- **WHAT THE EXERCISE ASKS**
Count, in the data that follows, every line with the string "proof", and give that count as the whole reply.

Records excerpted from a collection
══════════
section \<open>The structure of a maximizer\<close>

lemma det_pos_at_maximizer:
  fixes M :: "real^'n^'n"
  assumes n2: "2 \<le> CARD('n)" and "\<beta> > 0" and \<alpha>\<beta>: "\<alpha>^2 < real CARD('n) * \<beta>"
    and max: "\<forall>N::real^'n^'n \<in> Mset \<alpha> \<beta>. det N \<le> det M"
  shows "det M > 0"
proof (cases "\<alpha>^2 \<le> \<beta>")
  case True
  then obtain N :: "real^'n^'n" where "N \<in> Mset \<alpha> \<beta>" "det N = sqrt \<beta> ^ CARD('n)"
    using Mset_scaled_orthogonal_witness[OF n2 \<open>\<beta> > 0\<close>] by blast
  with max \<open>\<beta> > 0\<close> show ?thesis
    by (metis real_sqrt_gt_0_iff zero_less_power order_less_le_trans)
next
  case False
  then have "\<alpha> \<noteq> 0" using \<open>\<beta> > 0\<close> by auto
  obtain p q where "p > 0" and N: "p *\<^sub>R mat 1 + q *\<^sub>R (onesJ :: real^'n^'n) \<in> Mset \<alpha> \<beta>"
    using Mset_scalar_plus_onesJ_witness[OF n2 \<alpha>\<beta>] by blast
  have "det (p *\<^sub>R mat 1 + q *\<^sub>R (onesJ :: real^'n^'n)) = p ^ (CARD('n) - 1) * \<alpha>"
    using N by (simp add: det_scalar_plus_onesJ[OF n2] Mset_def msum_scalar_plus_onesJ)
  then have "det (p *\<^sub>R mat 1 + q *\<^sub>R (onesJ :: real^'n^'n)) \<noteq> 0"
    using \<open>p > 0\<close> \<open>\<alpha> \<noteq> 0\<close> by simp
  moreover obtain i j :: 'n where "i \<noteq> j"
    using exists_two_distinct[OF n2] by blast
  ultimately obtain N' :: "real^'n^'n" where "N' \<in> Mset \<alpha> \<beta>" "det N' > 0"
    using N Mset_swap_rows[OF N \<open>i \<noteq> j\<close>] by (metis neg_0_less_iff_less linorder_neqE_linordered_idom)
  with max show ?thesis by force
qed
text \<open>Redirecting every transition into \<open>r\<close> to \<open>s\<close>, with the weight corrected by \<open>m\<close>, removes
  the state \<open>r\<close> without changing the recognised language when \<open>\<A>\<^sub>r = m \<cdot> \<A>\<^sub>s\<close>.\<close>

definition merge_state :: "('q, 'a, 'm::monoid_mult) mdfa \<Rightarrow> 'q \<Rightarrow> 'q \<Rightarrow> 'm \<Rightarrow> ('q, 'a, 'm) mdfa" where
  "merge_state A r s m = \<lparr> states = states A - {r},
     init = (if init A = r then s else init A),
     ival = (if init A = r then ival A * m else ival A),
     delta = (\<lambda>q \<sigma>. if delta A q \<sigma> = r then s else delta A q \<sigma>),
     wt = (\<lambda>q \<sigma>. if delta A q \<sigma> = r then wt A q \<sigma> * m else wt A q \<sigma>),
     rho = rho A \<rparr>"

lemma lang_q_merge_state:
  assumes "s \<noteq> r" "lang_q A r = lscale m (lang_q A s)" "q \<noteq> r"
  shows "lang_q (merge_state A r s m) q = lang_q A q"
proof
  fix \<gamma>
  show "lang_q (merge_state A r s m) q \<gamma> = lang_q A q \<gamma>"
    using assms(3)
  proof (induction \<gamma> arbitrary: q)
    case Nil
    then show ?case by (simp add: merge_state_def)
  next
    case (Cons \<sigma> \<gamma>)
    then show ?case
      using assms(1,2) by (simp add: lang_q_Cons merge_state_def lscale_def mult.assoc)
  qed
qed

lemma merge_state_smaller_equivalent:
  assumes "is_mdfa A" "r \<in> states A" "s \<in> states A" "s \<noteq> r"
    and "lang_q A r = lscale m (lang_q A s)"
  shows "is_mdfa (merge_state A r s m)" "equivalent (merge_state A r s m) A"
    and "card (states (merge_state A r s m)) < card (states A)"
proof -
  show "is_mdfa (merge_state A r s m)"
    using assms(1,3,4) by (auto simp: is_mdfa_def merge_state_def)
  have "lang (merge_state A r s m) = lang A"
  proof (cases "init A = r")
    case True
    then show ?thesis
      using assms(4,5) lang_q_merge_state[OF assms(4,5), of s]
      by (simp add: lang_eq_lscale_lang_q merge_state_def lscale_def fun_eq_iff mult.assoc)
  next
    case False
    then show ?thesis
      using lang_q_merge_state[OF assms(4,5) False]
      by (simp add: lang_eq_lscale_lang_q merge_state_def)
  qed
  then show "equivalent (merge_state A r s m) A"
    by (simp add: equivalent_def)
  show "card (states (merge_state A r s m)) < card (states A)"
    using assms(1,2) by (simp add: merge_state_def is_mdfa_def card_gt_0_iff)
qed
══════════
- **WRITTEN RESPONSE**
5